Blue Urea: A fertiliser with reduced environmental impact
Scientists and engineers have created a fertiliser with reduced environmental impact called Blue Urea.
The world is fast approaching the limit of its ability to feed itself so maximising the efficiency of food production is imperative. As crops grow they use up nutrients from the earth so fertilizers are needed to replenish the soil and maintain agricultural productivity. That’s why, until we can make a step change to increasing organic matter in soils, synthetic nitrogen fertilizers such as urea are a necessity for food production and a vital component in achieving global food security.
The problem is that the production process of urea, (which accounts for more than 70% of worldwide fertilizer usage) emits CO₂, a greenhouse gas that is a major contributor to climate change. Scientists at the University of Sheffield's Institute for Sustainable Food and Energy Institute have found a way to produce urea that reduces CO₂ emissions by up to 21%.
The paper, Blue Urea: A fertiliser with reduced environmental impact by Justin Driver, Rhodri Owen, Terence Makanyire, Janice Lake, James McGregor and Peter Styring is published in ‘Frontiers in Energy Research’ and outlines a number of steps in the production process that when combined lead to a dramatic reduction in the overall CO₂ emitted in the fertilizer’s production.
This was a challenging piece of work due to the complexities of the design. However we got there eventually to produce a very effective fertiliser. There were many delays so we missed the growing season on the farm. Thankfully we were able to use the season long growing facilities in University of Sheffield’s Institute for Sustainable Food which saved the day! The project was funded by BBSRC and Innovate UK and provided us with legacy facilities at scale that we have been able to repurpose in further projects.
Professor Peter Styring
Professor of Chemical Engineering and Chemistry
Saving emissions through decentralising the production process
Urea is normally manufactured in production plants at an enormous scale, with the pelletised urea product then distributed ready for use. The paper demonstrates that the production of Blue Urea can be decentralised and scaled down so significantly that it can be produced at point of use. This means there’s an emissions and cost saving because there is no need to transport the urea long distances between where it is produced and ultimately used. Further cost and energy savings are made because drying and pelletisation, which was required for transportation, is no longer needed.
Saving emissions through changing the way hydrogen is produced
One of the ingredients of urea is hydrogen.
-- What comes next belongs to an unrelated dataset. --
(* Let $g$ be a symplectic potential on $P$ and let $\psi\in C^\infty(P)$ be strongly convex, such that $g_s:=g+s\psi$ is a symplectic potential for every $s>0$. Write $X_\psi=-\sum_{j}\frac{\partial\psi}{\partial x^j}\frac{\partial}{\partial\theta_j}$, and on $\check X_P$ let $z_j=\frac{\partial g}{\partial x^j}+i\theta_j$ and $z_j(s)=\frac{\partial g_s}{\partial x^j}+i\theta_j$. Let $s>0$. Then: (a) For each $j=1,\dots,n$ the series $e^{is\mathcal L_{X_\psi}}X_{z_j}=\sum_{k\ge0}\frac{(is)^k}{k!}\mathcal L_{X_\psi}^kX_{z_j}$ converges on $\check X_P$, and the vector fields so obtained span $\mathcal P_{g_s}$ at every point of $\check X_P$; that is, as distributions, $\mathcal P_{g_s}=e^{is\mathcal L_{X_\psi}}\mathcal P_g$. (b) Let $dZ_s$ denote the $I_{g_s}$-meromorphic section of the canonical bundle $K_{X_P}$ with divisor $-(D_1+\cdots+D_r)$, given on $\check X_P$ by $dZ_s=dz_1(s)\wedge\cdots\wedge dz_n(s)$, and let $dZ=dz_1\wedge\cdots\wedge dz_n$ be the corresponding section for $g$. Then $dZ_s=e^{is\mathcal L_{X_\psi}}dZ$, where the right-hand side is interpreted pointwise as a (convergent) power series in $s$.
   Context: Let $P=\{x\in\mathbb R^n:\ell_j(x):=\langle\nu_j,x\rangle+\lambda_j\ge0,\ j=1,\dots,r\}$ be a Delzant polytope with primitive inward normals $\nu_j\in\mathbb Z^n$, interior $\check P$, and let $(X_P,\omega)$ be the associated compact symplectic toric $2n$-manifold with moment map $\mu:X_P\to P$; $D_j:=\mu^{-1}(\{\ell_j=0\}\cap P)$ are the toric divisors. On $\check X_P:=\mu^{-1}(\check P)\cong\check P\times\mathbb T^n$ use action-angle coordinates $(x,\theta)$, so $\mu(x,\theta)=x$ and $\omega=\sum_j dx^j\wedge d\theta_j$. For a (possibly complex-valued) function $f$, the Hamiltonian vector field $X_f$ is defined by $\iota_{X_f}\omega=df$ (extended $\mathbb C$-linearly). A symplectic potential is a function $g=g_P+\varphi$ on $\check P$, where $g_P=\frac12\sum_{j=1}^r\ell_j\log\ell_j$ and $\varphi\in C^\infty(P)$, such that the Hessian $H_g$ is positive definite on $\check P$ and $\det H_g=(\alpha\prod_j\ell_j)^{-1}$ for some smooth positive function $\alpha$ on $P$. Such $g$ determines a toric Kähler structure on $X_P$ (compatible with $\omega$) whose complex structure $I_g$ has, on $\check X_P$, holomorphic coordinates $z_j=\partial g/\partial x^j+i\theta_j$; the Kähler polarization $\mathcal P_g=T^{0,1}X_P$ is, on $\check X_P$, spanned by $\partial/\partial\bar z_j$, $j=1,\dots,n$. For a vector field $V$ and a tensor field $T$, $e^{\tau\mathcal L_V}T:=\sum_{k\ge0}\frac{\tau^k}{k!}\mathcal L_V^kT$ whenever this series converges. *)

theory Defs
  imports "HOL-Analysis.Analysis"
begin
The traditional way of making hydrogen is through a process called steam reformation. The downside of steam reformation is that it requires high temperatures. To achieve those high temperatures we need to combust fossil fuels and when combusted, fossil fuels release CO₂ into the atmosphere.
There is an alternative way to produce hydrogen that uses renewable energy and does not need fossil fuels as a feedstock for combustion. Electrolysis is a process that can split water into hydrogen and oxygen. If the process is powered by electricity generated from renewable sources such as wind and solar power the process of making hydrogen becomes carbon neutral.
Saving emissions by reusing CO2
Another ingredient for urea is carbon dioxide. This is traditionally produced in the same steam reformation process that is used to create hydrogen. But if hydrogen is produced by electrolysis, the CO₂ has to be sourced from elsewhere. The CO₂ can either be captured and recycled from another emissions source or it can even be extracted from the air. To find out more about the process of capturing and reusing CO₂, take a look at the research being carried out at the University of Sheffield’s Energy Institute.
Saving emissions by reducing temperatures throughout the production process
The traditional method of producing urea requires high temperatures, and therefore the use of fossil fuels throughout. But to enable production to be decentralised and made on site the authors of this paper have found an alternative method of production that requires ambient temperatures. This again, removes the need for fossil fuel combustion and its associated emissions.
Whilst the paper shows that urea can be made in a way that has reduced environmental impact, the authors acknowledge that the new processes increase the costs of production. This is mainly due to losing the economies of scale achieved in mass production and the energy needed for the electrolysis in hydrogen production. Further research is needed to balance the commercial viability and environmental impact of fertilizers.